(* Let $1\le p\le\infty$ and let $X$ be an Asymptotic $\ell_p$ space. Then $X$ admits a uniformly unique $l$-joint spreading model with respect to $\mathscr{F}_0(X)$, and every $l$-joint spreading model generated by sequences from $\mathscr{F}_0(X)$ is equivalent to the unit vector basis of $\ell_p$ (of $c_0$ if $p=\infty$).
   Context: $\mathscr{F}_0(X)$ is the set of normalized weakly null Schauder basic sequences in $X$. For $n\in\mathbb{N}$ and $C\ge1$, the game $G(p,n,C)$ has $n$ rounds; in each round player (S) chooses a closed finite-codimensional subspace $Y$ of $X$ and player (V) chooses a norm-one $y\in Y$; (S) wins if the resulting $(y_i)_{i=1}^n$ is $C$-equivalent to the unit vector basis of $\ell_p^n$ ($c_0^n$ if $p=\infty$). $X$ is Asymptotic $\ell_p$ (or $C$-Asymptotic $\ell_p$) if there is $C$ such that for every $n$, (S) has a winning strategy in $G(p,n,C)$. For infinite $M\subset\mathbb{N}$ with elements $M(1)<M(2)<\cdots$, a strict plegma family in $[M]^k$ is a sequence $(s_i)_{i=1}^l$ of $k$-element subsets $s_i=\{s_i(1)<\cdots<s_i(k)\}$ of $M$ with $s_{i_1}(j_1)<s_{i_2}(j_2)$ whenever $j_1<j_2$ and $s_{i_1}(j)<s_{i_2}(j)$ whenever $i_1<i_2$. An $l$-tuple $((x^i_n)_n)_{i=1}^l$ generates $(e^i_n)_{i\le l,n}$ (in a Banach space $(E,\|\cdot\|_* )$) as an $l$-joint spreading model if for some infinite $M$ there is a null sequence $(\delta_k)$ with $\big|\|\sum_{j\le k}\sum_{i\le l}a_{ij}x^i_{s_i(j)}\|-\|\sum_{j\le k}\sum_{i\le l}a_{ij}e^i_j\|_*\big|<\delta_k$ for all $k$, all $(a_{ij})\subset[-1,1]$ and all strict plegma families $(s_i)$ in $[M]^k$ with $M(k)\le s_1(1)$. Two families indexed by the same set are $K$-equivalent if there are $c,C>0$, $C/c\le K$, with $c\|\sum a_{ij}e^i_j\|\le\|\sum a_{ij}f^i_j\|\le C\|\sum a_{ij}e^i_j\|$. $X$ admits a uniformly unique $l$-joint spreading model with respect to $\mathscr{F}$ if there is $K>0$ such that for every $l$, any two $l$-joint spreading models generated by $l$-tuples of sequences in $\mathscr{F}$ are $K$-equivalent. *)

theory Defs
  imports "HOL-Analysis.Analysis" "HOL-Library.Infinite_Set"
begin

definition weakly_null :: "(nat \<Rightarrow> 'a::real_normed_vector) \<Rightarrow> bool" where
  "weakly_null x \<longleftrightarrow>
     (\<forall>f :: 'a \<Rightarrow> real. bounded_linear f \<longrightarrow> (\<lambda>n. f (x n)) \<longlonglongrightarrow> 0)"

definition schauder_basic :: "(nat \<Rightarrow> 'a::real_normed_vector) \<Rightarrow> bool" where
  "schauder_basic x \<longleftrightarrow>
     (\<forall>y \<in> closure (span (range x)). \<exists>!a :: nat \<Rightarrow> real. (\<lambda>n. a n *\<^sub>R x n) sums y)"

definition F0 :: "(nat \<Rightarrow> 'a::real_normed_vector) \<Rightarrow> bool" where
  "F0 x \<longleftrightarrow> (\<forall>n. norm (x n) = 1) \<and> weakly_null x \<and> schauder_basic x"

definition fin_codim_subspace :: "'a::real_normed_vector set \<Rightarrow> bool" where
  "fin_codim_subspace Y \<longleftrightarrow> subspace Y \<and> closed Y \<and>
     (\<exists>F. finite F \<and> span (Y \<union> F) = UNIV)"

definition lp_norm :: "ereal \<Rightarrow> 'i set \<Rightarrow> ('i \<Rightarrow> real) \<Rightarrow> real" where
  "lp_norm p I a =
     (if p = \<infinity> then (if I = {} then 0 else Max ((\<lambda>i. \<bar>a i\<bar>) ` I))
      else (\<Sum>i\<in>I. \<bar>a i\<bar> powr real_of_ereal p) powr (1 / real_of_ereal p))"

definition equiv_lpn :: "ereal \<Rightarrow> real \<Rightarrow> nat \<Rightarrow> (nat \<Rightarrow> 'a::real_normed_vector) \<Rightarrow> bool" where
  "equiv_lpn p C n y \<longleftrightarrow>
     (\<exists>c D. c > 0 \<and> D > 0 \<and> D / c \<le> C \<and>
        (\<forall>a :: nat \<Rightarrow> real.
           c * lp_norm p {..<n} a \<le> norm (\<Sum>i<n. a i *\<^sub>R y i) \<and>
           norm (\<Sum>i<n. a i *\<^sub>R y i) \<le> D * lp_norm p {..<n} a))"

text \<open>A strategy of player (S) maps the history of (V)'s previous moves
  (y_1,...,y_{i-1}) to a closed finite-codimensional subspace.\<close>
definition winning_strategy ::
    "ereal \<Rightarrow> nat \<Rightarrow> real \<Rightarrow> ('a::banach list \<Rightarrow> 'a set) \<Rightarrow> bool" where
  "winning_strategy p n C \<sigma> \<longleftrightarrow>
     (\<forall>h. fin_codim_subspace (\<sigma> h)) \<and>
     (\<forall>y :: nat \<Rightarrow> 'a.
        (\<forall>i<n. y i \<in> \<sigma> (map y [0..<i]) \<and> norm (y i) = 1) \<longrightarrow> equiv_lpn p C n y)"

definition asymptotic_lp :: "'a::banach itself \<Rightarrow> ereal \<Rightarrow> bool" where
  "asymptotic_lp X p \<longleftrightarrow>
     (\<exists>C\<ge>1. \<forall>n. \<exists>\<sigma> :: 'a list \<Rightarrow> 'a set. winning_strategy p n C \<sigma>)"

text \<open>Strict plegma family (s_i)_{i<l} in [M]^k, 0-based: s i j is s_{i+1}(j+1).\<close>
definition strict_plegma :: "nat set \<Rightarrow> nat \<Rightarrow> nat \<Rightarrow> (nat \<Rightarrow> nat \<Rightarrow> nat) \<Rightarrow> bool" where
  "strict_plegma M k l s \<longleftrightarrow>
     (\<forall>i<l. \<forall>j<k. s i j \<in> M) \<and>
     (\<forall>i1<l. \<forall>i2<l. \<forall>j1<k. \<forall>j2<k. j1 < j2 \<longrightarrow> s i1 j1 < s i2 j2) \<and>
     (\<forall>i1<l. \<forall>i2<l. \<forall>j<k. i1 < i2 \<longrightarrow> s i1 j < s i2 j)"

definition fsupp :: "nat \<Rightarrow> (nat \<Rightarrow> nat \<Rightarrow> real) \<Rightarrow> bool" where
  "fsupp l a \<longleftrightarrow> finite {(i, j). a i j \<noteq> 0} \<and> (\<forall>i j. a i j \<noteq> 0 \<longrightarrow> i < l)"

text \<open>An l-joint spreading model (e^i_j) in a Banach space (E, ||.||_*) is represented
  by the function  N a = || \<Sum> a_{ij} e^i_j ||_*  on finitely supported arrays.
  Such functions are exactly the seminorms on the space of finitely supported arrays
  (every seminorm arises from vectors e^i_j in the completion of the quotient space).\<close>
definition array_seminorm :: "nat \<Rightarrow> ((nat \<Rightarrow> nat \<Rightarrow> real) \<Rightarrow> real) \<Rightarrow> bool" where
  "array_seminorm l N \<longleftrightarrow>
     (\<forall>a b. fsupp l a \<longrightarrow> fsupp l b \<longrightarrow> N (\<lambda>i j. a i j + b i j) \<le> N a + N b) \<and>
     (\<forall>c a. fsupp l a \<longrightarrow> N (\<lambda>i j. c * a i j) = \<bar>c\<bar> * N a)"

text \<open>((x^i_n)_n)_{i<l} generates N as an l-joint spreading model. Here M(k) (1-based)
  is enumerate M (k - 1).\<close>
definition generates_jsm ::
    "nat \<Rightarrow> (nat \<Rightarrow> nat \<Rightarrow> 'a::real_normed_vector) \<Rightarrow> ((nat \<Rightarrow> nat \<Rightarrow> real) \<Rightarrow> real) \<Rightarrow> bool" where
  "generates_jsm l x N \<longleftrightarrow> array_seminorm l N \<and>
     (\<exists>M \<delta>. infinite M \<and> \<delta> \<longlonglongrightarrow> 0 \<and>
        (\<forall>k\<ge>1. \<forall>a s. (\<forall>i j. \<bar>a i j\<bar> \<le> 1) \<longrightarrow> strict_plegma M k l s \<longrightarrow>
           enumerate M (k - 1) \<le> s 0 0 \<longrightarrow>
           \<bar>norm (\<Sum>j<k. \<Sum>i<l. a i j *\<^sub>R x i (s i j))
              - N (\<lambda>i j. if i < l \<and> j < k then a i j else 0)\<bar> < \<delta> k))"

definition jsm_equiv :: "real \<Rightarrow> nat \<Rightarrow> ((nat \<Rightarrow> nat \<Rightarrow> real) \<Rightarrow> real)
    \<Rightarrow> ((nat \<Rightarrow> nat \<Rightarrow> real) \<Rightarrow> real) \<Rightarrow> bool" where
  "jsm_equiv K l N1 N2 \<longleftrightarrow>
     (\<exists>c D. c > 0 \<and> D > 0 \<and> D / c \<le> K \<and>
        (\<forall>a. fsupp l a \<longrightarrow> c * N1 a \<le> N2 a \<and> N2 a \<le> D * N1 a))"

definition jsm_equiv_lp :: "ereal \<Rightarrow> nat \<Rightarrow> ((nat \<Rightarrow> nat \<Rightarrow> real) \<Rightarrow> real) \<Rightarrow> bool" where
  "jsm_equiv_lp p l N \<longleftrightarrow>
     (\<exists>c D. c > 0 \<and> D > 0 \<and>
        (\<forall>a. fsupp l a \<longrightarrow>
           c * lp_norm p {(i, j). a i j \<noteq> 0} (\<lambda>(i, j). a i j) \<le> N a \<and>
           N a \<le> D * lp_norm p {(i, j). a i j \<noteq> 0} (\<lambda>(i, j). a i j)))"

definition unif_unique_jsm_F0 :: "'a::banach itself \<Rightarrow> bool" where
  "unif_unique_jsm_F0 X \<longleftrightarrow>
     (\<exists>K>0. \<forall>l\<ge>1. \<forall>(x :: nat \<Rightarrow> nat \<Rightarrow> 'a) (y :: nat \<Rightarrow> nat \<Rightarrow> 'a) N1 N2.
        (\<forall>i<l. F0 (x i)) \<longrightarrow> (\<forall>i<l. F0 (y i)) \<longrightarrow>
        generates_jsm l x N1 \<longrightarrow> generates_jsm l y N2 \<longrightarrow> jsm_equiv K l N1 N2)"

end

theory Submission
  imports Defs
begin

(* Let N be a joint spreading model generated by normalized weakly null sequences
   x^1, ..., x^l in an Asymptotic l_p space with constant C, and let a be a coefficient array
   supported in the first k columns. A weakly null sequence eventually comes arbitrarily close
   to every closed finite-codimensional subspace, so against a winning strategy of (S) in
   G(p, k l, C) player (V) can answer with normalized vectors approximating the terms
   x^i_{s_i(j)} along a strict plegma family (s_i) as far out as desired. The sum of the
   a_ij x^i_{s_i(j)} is then close both to a vector whose norm is within a factor C of the
   l_p norm of a, and, for large k, to N(a). Hence ||a||_p / C <= N(a) <= C ||a||_p for every
   such N, and any two of them are C^4-equivalent. *)

section \<open>l_p norms of finitely many coefficients\<close>

lemma lp_norm_infinity:
  assumes "finite I"
  shows "lp_norm \<infinity> I f = Max (insert 0 ((\<lambda>i. \<bar>f i\<bar>) ` I))"
proof (cases "I = {}")
  case False
  then obtain i where "i \<in> I" by blast
  then have "\<bar>f i\<bar> \<le> Max ((\<lambda>i. \<bar>f i\<bar>) ` I)"
    using assms by (intro Max_ge) auto
  then have "0 \<le> Max ((\<lambda>i. \<bar>f i\<bar>) ` I)" by linarith
  then show ?thesis using False assms by (simp add: lp_norm_def)
qed (simp add: lp_norm_def)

·····

_HOW TO COMPLETE THIS TASK:_ Above are the records; from them, give again exactly the lines from the one containing "y i) \<and>" through the one containing "C \<sigma> \<longleftrightarrow>", both included.

_EXERCISE RESULT:_
           c * lp_norm p {..<n} a \<le> norm (\<Sum>i<n. a i *\<^sub>R y i) \<and>
           norm (\<Sum>i<n. a i *\<^sub>R y i) \<le> D * lp_norm p {..<n} a))"

text \<open>A strategy of player (S) maps the history of (V)'s previous moves
  (y_1,...,y_{i-1}) to a closed finite-codimensional subspace.\<close>
definition winning_strategy ::
    "ereal \<Rightarrow> nat \<Rightarrow> real \<Rightarrow> ('a::banach list \<Rightarrow> 'a set) \<Rightarrow> bool" where
  "winning_strategy p n C \<sigma> \<longleftrightarrow>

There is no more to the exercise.